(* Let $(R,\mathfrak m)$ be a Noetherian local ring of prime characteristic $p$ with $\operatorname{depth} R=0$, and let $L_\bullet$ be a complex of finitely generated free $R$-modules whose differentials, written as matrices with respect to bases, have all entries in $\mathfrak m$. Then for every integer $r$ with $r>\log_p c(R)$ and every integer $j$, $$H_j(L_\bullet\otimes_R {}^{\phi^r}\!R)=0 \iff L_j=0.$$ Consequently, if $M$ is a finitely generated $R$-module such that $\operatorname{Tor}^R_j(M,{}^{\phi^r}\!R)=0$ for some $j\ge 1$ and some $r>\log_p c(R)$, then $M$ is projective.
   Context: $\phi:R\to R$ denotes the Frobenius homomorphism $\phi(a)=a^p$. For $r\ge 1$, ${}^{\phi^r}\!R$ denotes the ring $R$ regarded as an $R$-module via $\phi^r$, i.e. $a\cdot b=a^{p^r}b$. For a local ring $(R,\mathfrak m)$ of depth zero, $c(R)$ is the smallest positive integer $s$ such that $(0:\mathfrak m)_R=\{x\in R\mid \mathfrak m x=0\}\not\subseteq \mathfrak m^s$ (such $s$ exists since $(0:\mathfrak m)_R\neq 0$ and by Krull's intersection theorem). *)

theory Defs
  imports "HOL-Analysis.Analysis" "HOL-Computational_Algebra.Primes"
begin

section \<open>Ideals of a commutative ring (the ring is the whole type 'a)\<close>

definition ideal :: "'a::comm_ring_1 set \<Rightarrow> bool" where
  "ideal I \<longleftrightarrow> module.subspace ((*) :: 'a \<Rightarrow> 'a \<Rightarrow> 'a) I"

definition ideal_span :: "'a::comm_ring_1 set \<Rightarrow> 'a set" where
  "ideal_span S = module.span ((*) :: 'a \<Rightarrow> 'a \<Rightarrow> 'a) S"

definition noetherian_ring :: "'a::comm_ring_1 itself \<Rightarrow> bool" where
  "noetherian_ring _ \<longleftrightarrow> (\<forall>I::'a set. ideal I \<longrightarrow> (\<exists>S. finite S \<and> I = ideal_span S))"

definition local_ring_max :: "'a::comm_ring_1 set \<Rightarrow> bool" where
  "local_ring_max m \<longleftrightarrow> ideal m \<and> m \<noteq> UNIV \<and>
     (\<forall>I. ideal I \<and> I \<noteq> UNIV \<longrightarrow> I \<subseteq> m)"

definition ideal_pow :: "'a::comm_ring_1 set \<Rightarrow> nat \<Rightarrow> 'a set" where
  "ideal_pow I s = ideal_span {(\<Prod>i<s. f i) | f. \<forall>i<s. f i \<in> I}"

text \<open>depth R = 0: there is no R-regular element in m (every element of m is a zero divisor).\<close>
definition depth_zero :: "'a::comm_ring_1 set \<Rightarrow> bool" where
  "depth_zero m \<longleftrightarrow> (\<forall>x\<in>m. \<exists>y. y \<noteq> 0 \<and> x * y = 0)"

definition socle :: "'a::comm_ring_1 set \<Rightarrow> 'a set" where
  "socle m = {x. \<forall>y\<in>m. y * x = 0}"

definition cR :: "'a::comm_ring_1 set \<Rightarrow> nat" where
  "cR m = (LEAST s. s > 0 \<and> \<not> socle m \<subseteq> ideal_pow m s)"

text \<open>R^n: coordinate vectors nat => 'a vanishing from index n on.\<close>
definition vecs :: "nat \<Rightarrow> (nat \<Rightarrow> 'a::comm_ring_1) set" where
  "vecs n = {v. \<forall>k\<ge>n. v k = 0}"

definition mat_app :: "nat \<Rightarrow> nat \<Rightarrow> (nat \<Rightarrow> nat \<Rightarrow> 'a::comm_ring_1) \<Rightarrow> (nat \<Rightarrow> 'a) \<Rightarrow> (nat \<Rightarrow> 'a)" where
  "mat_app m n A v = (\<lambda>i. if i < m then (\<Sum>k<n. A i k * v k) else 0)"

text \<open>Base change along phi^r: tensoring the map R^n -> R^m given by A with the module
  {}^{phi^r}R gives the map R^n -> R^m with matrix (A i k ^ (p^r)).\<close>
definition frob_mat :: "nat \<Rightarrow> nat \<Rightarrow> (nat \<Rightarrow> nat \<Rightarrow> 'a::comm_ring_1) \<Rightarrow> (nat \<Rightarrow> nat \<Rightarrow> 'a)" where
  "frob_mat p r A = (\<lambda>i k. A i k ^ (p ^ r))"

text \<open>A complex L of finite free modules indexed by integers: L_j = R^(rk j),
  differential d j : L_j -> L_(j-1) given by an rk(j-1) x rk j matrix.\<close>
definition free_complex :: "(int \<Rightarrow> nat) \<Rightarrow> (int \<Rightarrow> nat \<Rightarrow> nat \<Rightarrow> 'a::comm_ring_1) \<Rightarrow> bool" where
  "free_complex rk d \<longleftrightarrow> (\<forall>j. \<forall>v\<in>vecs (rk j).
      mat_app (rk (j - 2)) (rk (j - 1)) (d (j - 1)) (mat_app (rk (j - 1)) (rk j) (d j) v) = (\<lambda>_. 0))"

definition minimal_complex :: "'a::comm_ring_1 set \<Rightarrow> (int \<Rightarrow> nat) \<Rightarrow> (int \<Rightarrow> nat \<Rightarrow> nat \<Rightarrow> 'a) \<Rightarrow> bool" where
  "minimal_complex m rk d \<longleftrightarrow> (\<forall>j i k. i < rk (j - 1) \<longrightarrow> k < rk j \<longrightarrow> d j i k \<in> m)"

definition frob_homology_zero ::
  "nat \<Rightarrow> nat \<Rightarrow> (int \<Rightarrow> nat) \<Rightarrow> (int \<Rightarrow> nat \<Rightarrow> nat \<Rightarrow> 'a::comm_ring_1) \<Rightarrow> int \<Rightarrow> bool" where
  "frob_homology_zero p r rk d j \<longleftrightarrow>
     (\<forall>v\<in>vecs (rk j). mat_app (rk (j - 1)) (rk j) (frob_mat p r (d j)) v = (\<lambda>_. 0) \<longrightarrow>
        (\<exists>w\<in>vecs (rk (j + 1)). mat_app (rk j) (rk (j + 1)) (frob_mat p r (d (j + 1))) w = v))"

---------------

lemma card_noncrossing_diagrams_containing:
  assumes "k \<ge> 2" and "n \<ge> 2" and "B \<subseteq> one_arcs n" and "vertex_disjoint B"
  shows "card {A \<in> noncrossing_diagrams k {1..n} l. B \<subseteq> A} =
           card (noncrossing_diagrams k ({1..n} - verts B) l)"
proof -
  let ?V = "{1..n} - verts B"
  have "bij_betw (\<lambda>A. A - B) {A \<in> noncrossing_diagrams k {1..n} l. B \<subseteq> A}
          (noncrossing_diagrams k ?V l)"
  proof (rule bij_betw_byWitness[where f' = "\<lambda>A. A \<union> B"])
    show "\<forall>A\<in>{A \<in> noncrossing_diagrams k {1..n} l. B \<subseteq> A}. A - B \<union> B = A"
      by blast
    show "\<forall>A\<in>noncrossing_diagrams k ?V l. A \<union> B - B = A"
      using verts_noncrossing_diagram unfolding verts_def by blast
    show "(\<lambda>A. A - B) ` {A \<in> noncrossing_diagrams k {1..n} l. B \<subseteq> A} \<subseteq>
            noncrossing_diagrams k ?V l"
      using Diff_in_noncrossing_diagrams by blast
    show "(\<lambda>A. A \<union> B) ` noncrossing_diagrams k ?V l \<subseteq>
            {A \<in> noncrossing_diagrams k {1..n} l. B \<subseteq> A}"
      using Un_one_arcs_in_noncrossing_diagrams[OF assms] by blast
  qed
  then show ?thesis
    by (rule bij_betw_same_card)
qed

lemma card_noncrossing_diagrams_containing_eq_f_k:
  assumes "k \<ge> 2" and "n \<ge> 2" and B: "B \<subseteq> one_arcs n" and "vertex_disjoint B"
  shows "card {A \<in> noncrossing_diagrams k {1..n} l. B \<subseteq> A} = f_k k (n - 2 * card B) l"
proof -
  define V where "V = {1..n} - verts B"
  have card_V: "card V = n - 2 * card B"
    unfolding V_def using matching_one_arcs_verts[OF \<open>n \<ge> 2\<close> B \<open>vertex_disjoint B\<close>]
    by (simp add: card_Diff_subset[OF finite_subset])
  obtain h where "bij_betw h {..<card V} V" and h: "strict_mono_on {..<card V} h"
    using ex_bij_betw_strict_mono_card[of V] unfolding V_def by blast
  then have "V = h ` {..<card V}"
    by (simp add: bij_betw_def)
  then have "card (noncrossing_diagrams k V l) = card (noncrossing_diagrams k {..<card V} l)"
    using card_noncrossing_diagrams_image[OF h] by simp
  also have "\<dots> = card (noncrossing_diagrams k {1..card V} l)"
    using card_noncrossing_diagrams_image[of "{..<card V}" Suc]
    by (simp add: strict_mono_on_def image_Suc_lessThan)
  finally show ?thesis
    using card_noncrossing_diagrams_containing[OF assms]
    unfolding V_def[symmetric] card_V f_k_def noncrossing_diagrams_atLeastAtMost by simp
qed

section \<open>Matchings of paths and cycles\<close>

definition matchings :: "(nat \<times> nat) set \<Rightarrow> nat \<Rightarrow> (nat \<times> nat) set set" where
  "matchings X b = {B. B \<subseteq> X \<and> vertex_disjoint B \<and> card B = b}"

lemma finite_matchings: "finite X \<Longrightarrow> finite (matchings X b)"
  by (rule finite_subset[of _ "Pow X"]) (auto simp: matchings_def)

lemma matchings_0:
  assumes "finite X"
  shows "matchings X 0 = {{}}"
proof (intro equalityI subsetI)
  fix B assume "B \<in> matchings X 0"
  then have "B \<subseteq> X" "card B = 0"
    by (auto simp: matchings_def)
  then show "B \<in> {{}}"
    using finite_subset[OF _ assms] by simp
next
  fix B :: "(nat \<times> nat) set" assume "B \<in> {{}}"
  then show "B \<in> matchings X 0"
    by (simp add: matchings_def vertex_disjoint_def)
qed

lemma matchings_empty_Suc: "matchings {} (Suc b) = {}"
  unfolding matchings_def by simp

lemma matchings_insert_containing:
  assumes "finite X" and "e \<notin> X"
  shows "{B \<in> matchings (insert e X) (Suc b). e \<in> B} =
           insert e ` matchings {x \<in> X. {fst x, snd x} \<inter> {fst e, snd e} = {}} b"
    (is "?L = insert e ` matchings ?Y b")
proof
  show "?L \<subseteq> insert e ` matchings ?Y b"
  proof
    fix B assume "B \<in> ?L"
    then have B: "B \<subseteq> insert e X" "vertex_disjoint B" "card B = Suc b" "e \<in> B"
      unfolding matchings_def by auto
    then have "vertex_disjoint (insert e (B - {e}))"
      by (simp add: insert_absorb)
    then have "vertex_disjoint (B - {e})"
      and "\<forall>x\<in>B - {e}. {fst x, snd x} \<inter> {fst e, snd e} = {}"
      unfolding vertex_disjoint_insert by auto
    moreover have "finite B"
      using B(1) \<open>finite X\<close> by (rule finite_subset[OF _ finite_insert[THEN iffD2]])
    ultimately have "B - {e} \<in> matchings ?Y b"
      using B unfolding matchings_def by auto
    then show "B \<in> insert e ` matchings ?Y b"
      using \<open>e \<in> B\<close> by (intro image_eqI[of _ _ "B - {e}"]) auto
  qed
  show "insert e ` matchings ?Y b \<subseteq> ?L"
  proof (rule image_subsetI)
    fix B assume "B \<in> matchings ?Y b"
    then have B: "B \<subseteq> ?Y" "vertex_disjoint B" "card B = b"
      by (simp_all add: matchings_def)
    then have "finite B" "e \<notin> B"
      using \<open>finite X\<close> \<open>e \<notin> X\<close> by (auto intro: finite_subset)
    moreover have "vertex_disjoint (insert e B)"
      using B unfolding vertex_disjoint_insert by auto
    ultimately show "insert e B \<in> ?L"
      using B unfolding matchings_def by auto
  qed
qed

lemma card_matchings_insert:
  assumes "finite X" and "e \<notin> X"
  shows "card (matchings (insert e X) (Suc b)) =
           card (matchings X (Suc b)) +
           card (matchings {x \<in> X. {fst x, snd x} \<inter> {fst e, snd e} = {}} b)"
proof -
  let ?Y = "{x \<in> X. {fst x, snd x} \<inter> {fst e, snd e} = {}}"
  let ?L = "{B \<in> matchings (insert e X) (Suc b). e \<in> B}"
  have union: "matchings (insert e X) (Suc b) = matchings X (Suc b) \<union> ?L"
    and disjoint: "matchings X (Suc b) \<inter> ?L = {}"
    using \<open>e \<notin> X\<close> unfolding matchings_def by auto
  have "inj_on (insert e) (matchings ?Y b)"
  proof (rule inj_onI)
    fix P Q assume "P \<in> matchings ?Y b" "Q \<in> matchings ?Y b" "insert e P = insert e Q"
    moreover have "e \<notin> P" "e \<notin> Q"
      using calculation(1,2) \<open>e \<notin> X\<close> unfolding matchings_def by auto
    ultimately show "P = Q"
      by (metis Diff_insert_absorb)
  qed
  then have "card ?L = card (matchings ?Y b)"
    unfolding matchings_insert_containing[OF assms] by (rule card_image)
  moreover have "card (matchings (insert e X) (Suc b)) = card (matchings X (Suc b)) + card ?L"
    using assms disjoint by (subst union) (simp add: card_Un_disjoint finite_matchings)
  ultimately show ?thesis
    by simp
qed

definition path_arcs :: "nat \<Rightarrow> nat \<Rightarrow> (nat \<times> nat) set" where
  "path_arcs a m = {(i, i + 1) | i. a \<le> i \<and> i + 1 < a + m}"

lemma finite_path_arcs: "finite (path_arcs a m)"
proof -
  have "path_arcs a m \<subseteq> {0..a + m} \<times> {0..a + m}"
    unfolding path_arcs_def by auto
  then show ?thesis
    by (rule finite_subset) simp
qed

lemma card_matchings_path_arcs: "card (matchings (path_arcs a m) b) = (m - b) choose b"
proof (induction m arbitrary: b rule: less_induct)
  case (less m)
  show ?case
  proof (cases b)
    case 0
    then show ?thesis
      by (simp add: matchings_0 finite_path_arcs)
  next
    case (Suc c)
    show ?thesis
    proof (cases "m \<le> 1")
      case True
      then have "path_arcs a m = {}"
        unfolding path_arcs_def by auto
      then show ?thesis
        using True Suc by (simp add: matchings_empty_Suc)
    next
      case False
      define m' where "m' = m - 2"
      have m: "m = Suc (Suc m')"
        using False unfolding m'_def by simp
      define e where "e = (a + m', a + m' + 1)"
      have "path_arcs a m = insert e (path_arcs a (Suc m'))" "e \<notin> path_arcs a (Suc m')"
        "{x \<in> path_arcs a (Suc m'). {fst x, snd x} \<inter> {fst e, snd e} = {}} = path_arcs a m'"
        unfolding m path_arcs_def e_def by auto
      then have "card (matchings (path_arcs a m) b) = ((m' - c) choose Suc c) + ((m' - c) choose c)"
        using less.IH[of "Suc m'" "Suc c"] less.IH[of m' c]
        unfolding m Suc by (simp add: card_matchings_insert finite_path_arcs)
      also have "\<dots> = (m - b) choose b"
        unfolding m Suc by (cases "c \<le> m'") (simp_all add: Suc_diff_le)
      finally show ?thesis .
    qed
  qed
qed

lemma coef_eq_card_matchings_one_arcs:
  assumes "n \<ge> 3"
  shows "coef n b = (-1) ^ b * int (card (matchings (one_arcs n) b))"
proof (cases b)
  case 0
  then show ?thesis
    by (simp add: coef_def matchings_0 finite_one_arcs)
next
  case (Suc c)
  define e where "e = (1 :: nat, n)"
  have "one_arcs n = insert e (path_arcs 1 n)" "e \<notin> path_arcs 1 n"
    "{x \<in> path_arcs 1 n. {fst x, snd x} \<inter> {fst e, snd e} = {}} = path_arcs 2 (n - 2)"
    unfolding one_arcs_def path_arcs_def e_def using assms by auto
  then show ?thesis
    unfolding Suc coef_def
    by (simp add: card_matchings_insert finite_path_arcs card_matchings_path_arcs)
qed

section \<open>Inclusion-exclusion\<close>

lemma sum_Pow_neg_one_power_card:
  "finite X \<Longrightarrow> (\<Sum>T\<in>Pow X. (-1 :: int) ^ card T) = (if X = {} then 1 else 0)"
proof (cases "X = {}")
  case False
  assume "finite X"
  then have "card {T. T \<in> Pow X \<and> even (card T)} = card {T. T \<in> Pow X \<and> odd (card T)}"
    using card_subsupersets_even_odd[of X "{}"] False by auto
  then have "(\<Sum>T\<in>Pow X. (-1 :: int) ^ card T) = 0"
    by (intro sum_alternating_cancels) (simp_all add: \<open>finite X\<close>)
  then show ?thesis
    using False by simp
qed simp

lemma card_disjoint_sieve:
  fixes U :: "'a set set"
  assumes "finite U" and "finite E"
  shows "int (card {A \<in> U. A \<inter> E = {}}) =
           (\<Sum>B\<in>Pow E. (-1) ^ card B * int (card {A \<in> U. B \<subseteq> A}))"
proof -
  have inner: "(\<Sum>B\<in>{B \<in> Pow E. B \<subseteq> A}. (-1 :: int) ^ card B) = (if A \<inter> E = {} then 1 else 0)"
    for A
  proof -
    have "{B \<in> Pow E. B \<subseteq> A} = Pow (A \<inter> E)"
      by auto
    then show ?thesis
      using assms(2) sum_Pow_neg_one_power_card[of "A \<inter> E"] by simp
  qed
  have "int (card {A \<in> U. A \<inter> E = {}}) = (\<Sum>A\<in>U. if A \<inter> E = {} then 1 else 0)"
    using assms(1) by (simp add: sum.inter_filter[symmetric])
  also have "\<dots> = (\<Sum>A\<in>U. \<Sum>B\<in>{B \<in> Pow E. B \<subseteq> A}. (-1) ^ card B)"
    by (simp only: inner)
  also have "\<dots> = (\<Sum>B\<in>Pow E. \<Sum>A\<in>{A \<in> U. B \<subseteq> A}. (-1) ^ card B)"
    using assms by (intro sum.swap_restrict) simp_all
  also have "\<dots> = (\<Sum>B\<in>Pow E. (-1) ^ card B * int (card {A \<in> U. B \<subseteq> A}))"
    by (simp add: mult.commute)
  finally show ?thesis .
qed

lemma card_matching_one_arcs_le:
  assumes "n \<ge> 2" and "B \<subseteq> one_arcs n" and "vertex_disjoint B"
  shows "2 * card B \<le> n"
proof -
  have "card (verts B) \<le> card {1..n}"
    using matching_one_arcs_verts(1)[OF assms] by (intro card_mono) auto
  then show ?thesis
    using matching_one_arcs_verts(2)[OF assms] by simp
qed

---------------

What is being asked:
Search the listing for the string "modules". Copy each line where it is found.

Output:
(* Let $(R,\mathfrak m)$ be a Noetherian local ring of prime characteristic $p$ with $\operatorname{depth} R=0$, and let $L_\bullet$ be a complex of finitely generated free $R$-modules whose differentials, written as matrices with respect to bases, have all entries in $\mathfrak m$. Then for every integer $r$ with $r>\log_p c(R)$ and every integer $j$, $$H_j(L_\bullet\otimes_R {}^{\phi^r}\!R)=0 \iff L_j=0.$$ Consequently, if $M$ is a finitely generated $R$-module such that $\operatorname{Tor}^R_j(M,{}^{\phi^r}\!R)=0$ for some $j\ge 1$ and some $r>\log_p c(R)$, then $M$ is projective.
text \<open>A complex L of finite free modules indexed by integers: L_j = R^(rk j),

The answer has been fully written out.